Sergio Massa, o superministro da Economia, está em Washington para as reuniões de primavera do FMI e do Banco Mundial e busca alternativas para recuperar o caixa de seu país. O acordo com os sauditas foi selado em um encontro com o sultão Abdulrahman Al-Marshad, o CEO do fundo. Não foram oferecidos detalhes sobre as condições e garantias do empréstimo saudita, mas foi um gesto raro nos últimos meses.
Desde seu calote mais recente nas dívidas de investidores privados, em 2020, a Argentina tem encontrado as portas fechadas quando sai ao mercado. Além do dinheiro saudita, Massa conseguiu até o momento um aporte de US$ 600 milhões do BID, em recursos que deverão ser destinados à área de saúde. Outros US$ 950 milhões devem vir do Banco Mundial para programas em educação principalmente. São recursos com destino específico, que pouco contribuirão para reforçar as reservas líquidas em moeda forte.
Oficialmente, as reservas estão em US$ 38 bilhões. As reservas líquidas, no entanto, representam uma fração desse valor e o governo oferece poucos detalhes a respeito, o que apenas aumenta a insegurança dos investidores. Analistas locais estimam que os valores líquidos ficam ao redor de US$ 6 bilhões. Uma boa fração do saldo declarado é na verdade swaps feitos com instituições chinesas.
Os argentinos não estão cumprindo os termos do acordo renegociado com o FMI no ano passado. A inflação, por exemplo, deveria recuar para 60% ao final de 2023. Agora o cenário ficou ainda mais difícil por causa da seca histórica que castigou a colheita de grãos. O Banco Central da Argentina mantém a taxa de juros básica abaixo da inflação galopante. Sem opções de investimentos financeiros que assegurem a proteção de suas poupanças, os argentinos compram dólares.
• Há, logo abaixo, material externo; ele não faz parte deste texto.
lemma polygon_len_le_lipschitz:
  assumes lip: "C-lipschitz_on {a..b} \<gamma>" and ps: "ps \<in> partitions a b" and ab: "a \<le> b"
  shows "polygon_len \<gamma> ps \<le> C * (b - a)"
proof (cases "ps = []")
  case True
  then show ?thesis using lipschitz_on_nonneg[OF lip] ab by (simp add: polygon_len_def)
next
  case False
  have step: "ps ! i \<le> ps ! Suc i" "ps ! i \<in> {a..b}" "ps ! Suc i \<in> {a..b}" if "i < length ps - 1" for i
  proof -
    have "ps ! i \<in> set ps" "ps ! Suc i \<in> set ps" using that by (auto intro!: nth_mem)
    then show "ps ! i \<in> {a..b}" "ps ! Suc i \<in> {a..b}" using ps unfolding partitions_def by blast+
    show "ps ! i \<le> ps ! Suc i" using that ps by (simp add: partitions_def sorted_iff_nth_mono)
  qed
  have "polygon_len \<gamma> ps \<le> (\<Sum>i<length ps - 1. C * (ps ! Suc i - ps ! i))"
    unfolding polygon_len_def
  proof (rule sum_mono)
    fix i assume "i \<in> {..<length ps - 1}"
    then have i: "ps ! i \<le> ps ! Suc i" "ps ! i \<in> {a..b}" "ps ! Suc i \<in> {a..b}" using step by auto
    show "norm (\<gamma> (ps ! Suc i) - \<gamma> (ps ! i)) \<le> C * (ps ! Suc i - ps ! i)"
      using lipschitz_onD[OF lip i(3,2)] i(1) by (simp add: dist_norm dist_real_def)
  qed
  also have "\<dots> = C * (ps ! (length ps - 1) - ps ! 0)"
    by (simp add: sum_distrib_left[symmetric] sum_lessThan_telescope)
  also have "\<dots> \<le> C * (b - a)"
  proof -
    have "ps ! (length ps - 1) \<in> set ps" "ps ! 0 \<in> set ps" using False by (auto intro!: nth_mem)
    then have "ps ! (length ps - 1) \<le> b" "a \<le> ps ! 0" using ps by (auto simp: partitions_def)
    then show ?thesis using lipschitz_on_nonneg[OF lip] by (intro mult_left_mono) auto
  qed
  finally show ?thesis .
qed

lemma polygon_len_le_path_len:
  assumes "C-lipschitz_on {a..b} \<gamma>" "ps \<in> partitions a b" "a \<le> b"
  shows "polygon_len \<gamma> ps \<le> path_len \<gamma> a b"
  unfolding path_len_eq_Sup_polygon_len using assms polygon_len_le_lipschitz[OF assms(1)]
  by (intro cSup_upper) (auto intro!: bdd_aboveI)

lemma path_len_le:
  assumes "\<And>ps. ps \<in> partitions a b \<Longrightarrow> polygon_len \<gamma> ps \<le> B"
  shows "path_len \<gamma> a b \<le> B"
  unfolding path_len_eq_Sup_polygon_len using assms Nil_in_partitions by (auto intro!: cSup_least)

lemma path_len_nonneg:
  assumes "C-lipschitz_on {a..b} \<gamma>" "a \<le> b"
  shows "0 \<le> path_len \<gamma> a b"
  using polygon_len_le_path_len[OF assms(1) Nil_in_partitions assms(2)] by (simp add: polygon_len_def)

lemma path_len_refl: "path_len \<gamma> a a = 0"
proof -
  have "polygon_len \<gamma> ps = 0" if "ps \<in> partitions a a" for ps
  proof -
    have "ps ! i = a" if "i < length ps" for i
      using nth_mem[OF that] \<open>ps \<in> partitions a a\<close> by (auto simp: partitions_def)
    then show ?thesis by (simp add: polygon_len_def)
  qed
  moreover have "0 \<in> polygon_len \<gamma> ` partitions a a"
    by (rule image_eqI[OF _ Nil_in_partitions]) (simp add: polygon_len_def)
  ultimately have "polygon_len \<gamma> ` partitions a a = {0}" by auto
  then show ?thesis by (simp add: path_len_eq_Sup_polygon_len)
qed

lemma path_len_mono:
  assumes "C-lipschitz_on {a..b} \<gamma>" "a \<le> t" "t \<le> b"
  shows "path_len \<gamma> a t \<le> path_len \<gamma> a b"
  using assms polygon_len_le_path_len by (intro path_len_le) (force simp: partitions_def)

lemma norm_le_path_len:
  assumes "C-lipschitz_on {a..b} \<gamma>" "a \<le> t" "t \<le> b"
  shows "norm (\<gamma> t - \<gamma> a) \<le> path_len \<gamma> a b"
proof -
  have "[a, t] \<in> partitions a b" using assms by (auto simp: partitions_def)
  then show ?thesis
    using polygon_len_le_path_len[OF assms(1)] assms(2,3) by (fastforce simp: polygon_len_def)
qed

lemma path_len_add_le:
  assumes \<gamma>: "C-lipschitz_on {a..b} \<gamma>" and \<eta>: "D-lipschitz_on {a..b} \<eta>" and ab: "a \<le> b"
  shows "path_len (\<lambda>t. \<gamma> t + \<eta> t) a b \<le> path_len \<gamma> a b + D * (b - a)"
proof (rule path_len_le)
  fix ps assume ps: "ps \<in> partitions a b"
  have "polygon_len (\<lambda>t. \<gamma> t + \<eta> t) ps \<le> polygon_len \<gamma> ps + polygon_len \<eta> ps"
    unfolding polygon_len_def sum.distrib[symmetric]
    by (intro sum_mono) (metis add_diff_add norm_triangle_ineq)
  also have "\<dots> \<le> path_len \<gamma> a b + D * (b - a)"
    using polygon_len_le_path_len[OF \<gamma> ps ab] polygon_len_le_lipschitz[OF \<eta> ps ab] by simp
  finally show "polygon_len (\<lambda>t. \<gamma> t + \<eta> t) ps \<le> path_len \<gamma> a b + D * (b - a)" .
qed

lemma path_len_rescale_le:
  assumes lip: "C-lipschitz_on {0..T} \<gamma>" and T: "0 < T"
  shows "path_len (\<lambda>s. \<gamma> (T * s)) 0 1 \<le> path_len \<gamma> 0 T"
proof (rule path_len_le)
  fix ps assume ps: "ps \<in> partitions 0 1"
  have "map ((*) T) ps \<in> partitions 0 T"
    using ps T unfolding partitions_def
    by (auto simp: sorted_map intro!: sorted_wrt_mono_rel[of _ "(\<le>)"] mult_left_mono)
  moreover have "polygon_len (\<lambda>s. \<gamma> (T * s)) ps = polygon_len \<gamma> (map ((*) T) ps)"
    by (simp add: polygon_len_def)
  ultimately show "polygon_len (\<lambda>s. \<gamma> (T * s)) ps \<le> path_len \<gamma> 0 T"
    using polygon_len_le_path_len[OF lip] T by auto
qed
(* Let $(G,\prec)$ be an $\mathcal{H}$-free ordered graph and let $V[x,y]$ be a valid segment. Then the set $S(x,y)\cup\{x,y\}$ induces a capped ordered subgraph of $(G,\prec)$.
   Context: An ordered graph is a pair $(G,\prec)$ with $G$ a finite graph and $\prec$ a linear order on $V(G)$; induced subgraphs carry the restricted order. It is capped if for any $a\prec b\prec c\prec d$ with $ac,bd\in E(G)$ we have $ad\in E(G)$. For $a\prec b\prec c\prec d$ with $ac,bd\in E(G)$, $ac$ crosses $bd$. A rotation of $\prec$ is any order obtained by repeatedly making the largest element the smallest. For $u\prec v$, a crossing sequence from $u$ to $v$ is a sequence of distinct edges $e_1,\dots,e_k$ with $u$ the smaller end of $e_1$, $v$ the larger end of $e_k$, and $e_i$ crossing $e_{i+1}$ for $1\le i<k$; if $v\prec u$, a crossing sequence from $u$ to $v$ is one with respect to any rotation $\prec'$ of $\prec$ with $u\prec'v$. $\mathcal{H}$ is the family of ordered graphs containing two non-adjacent vertices $u,v$ with a crossing sequence from $u$ to $v$ and one from $v$ to $u$; $\mathcal{H}$-free means no induced ordered subgraph lies in $\mathcal{H}$. For $x\prec y$, the segment $V[x,y]$ is the set of vertices $v$ with $x\preceq v\preceq y$; similarly $V[x,y)$, $V(x,y]$, $V(x,y)$ denote the half-open and open versions. $V[x,y]$ is valid if there is a crossing sequence from $y$ to $x$. A vertex $v$ is left-reachable from $V[x,y]$ if $v\in V[x,y)$ and there is a crossing sequence from $y$ to $v$; right-reachable if $v\in V(x,y]$ and there is a crossing sequence from $v$ to $x$; $S(x,y)$ denotes the set of vertices that are both left- and right-reachable from $V[x,y]$. *)

theory Defs
  imports Main
begin

text \<open>An ordered graph: a finite vertex set V of a linearly ordered type 'a
 (the linear order on V is the restriction of the type's order), with a
 symmetric irreflexive edge relation E. Induced subgraphs on W \<subseteq> V
 are represented by the vertex set W (edges and order restricted).\<close>

definition base_order :: "'a::linorder set \<Rightarrow> 'a \<Rightarrow> 'a \<Rightarrow> bool" where
  "base_order V u v \<longleftrightarrow> u \<in> V \<and> v \<in> V \<and> u < v"

definition largest :: "'a set \<Rightarrow> ('a \<Rightarrow> 'a \<Rightarrow> bool) \<Rightarrow> 'a" where
  "largest V lt = (THE m. m \<in> V \<and> (\<forall>w\<in>V. w \<noteq> m \<longrightarrow> lt w m))"

text \<open>One rotation step: the largest element becomes the smallest.\<close>
definition rot1 :: "'a set \<Rightarrow> ('a \<Rightarrow> 'a \<Rightarrow> bool) \<Rightarrow> ('a \<Rightarrow> 'a \<Rightarrow> bool)" where
  "rot1 V lt u v \<longleftrightarrow> u \<in> V \<and> v \<in> V \<and>
     (if u = largest V lt then v \<noteq> largest V lt
      else if v = largest V lt then False else lt u v)"

definition rotation :: "'a::linorder set \<Rightarrow> ('a \<Rightarrow> 'a \<Rightarrow> bool) \<Rightarrow> bool" where
  "rotation V lt \<longleftrightarrow> (\<exists>k. lt = (rot1 V ^^ k) (base_order V))"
A cotação do blue, como os argentinos chamam o dólar livre no mercado paralelo, é praticamente o dobro do câmbio oficial: 400 pesos contra 220. A situação das reservas internacionais só não é pior porque o governo decidiu criar uma taxa de câmbio especial para alguns exportadores e contratos de derivativos, o “dólar soja”, cotado a 300 pesos – 37% acima do câmbio controlado –, e assim incentivar operações de venda internacional.
Apesar das metas não cumpridas, o FMI vem liberando as parcelas do programa de US$ 44 bilhões aprovado no ano passado. Massa tenta renegociar, mais uma vez, as condições para manter acesso aos recursos. Voltou de Washington com a promessa de receber um novo alívio nas exigências a serem cumpridas – dessa vez, em razão do impacto da seca na produção agrícola.
Há duas semanas, Alberto Fernández esteve com Joe Biden na Casa Branca e pediu que o FMI continue respaldando os argentinos. A instituição multilateral tem sido tolerante até aqui. Mas o presidente brasileiro, Luiz Inácio Lula da Silva, afirmou, durante a cerimônia da posse de Dilma Rousseff na presidência do Banco dos Brics, que “nenhum governante pode trabalhar com uma faca na garganta porque está devendo”. Ainda segundo Lula, “não cabe a um banco ficar asfixiando as economias dos países como está fazendo com a Argentina o Fundo Monetário Internacional”.
O setor de móveis ainda não foi afetado, pelo menos não por enquanto. No primeiro trimestre as exportações de móveis para a Argentina registraram alta de 31%, segundo dados do mdic.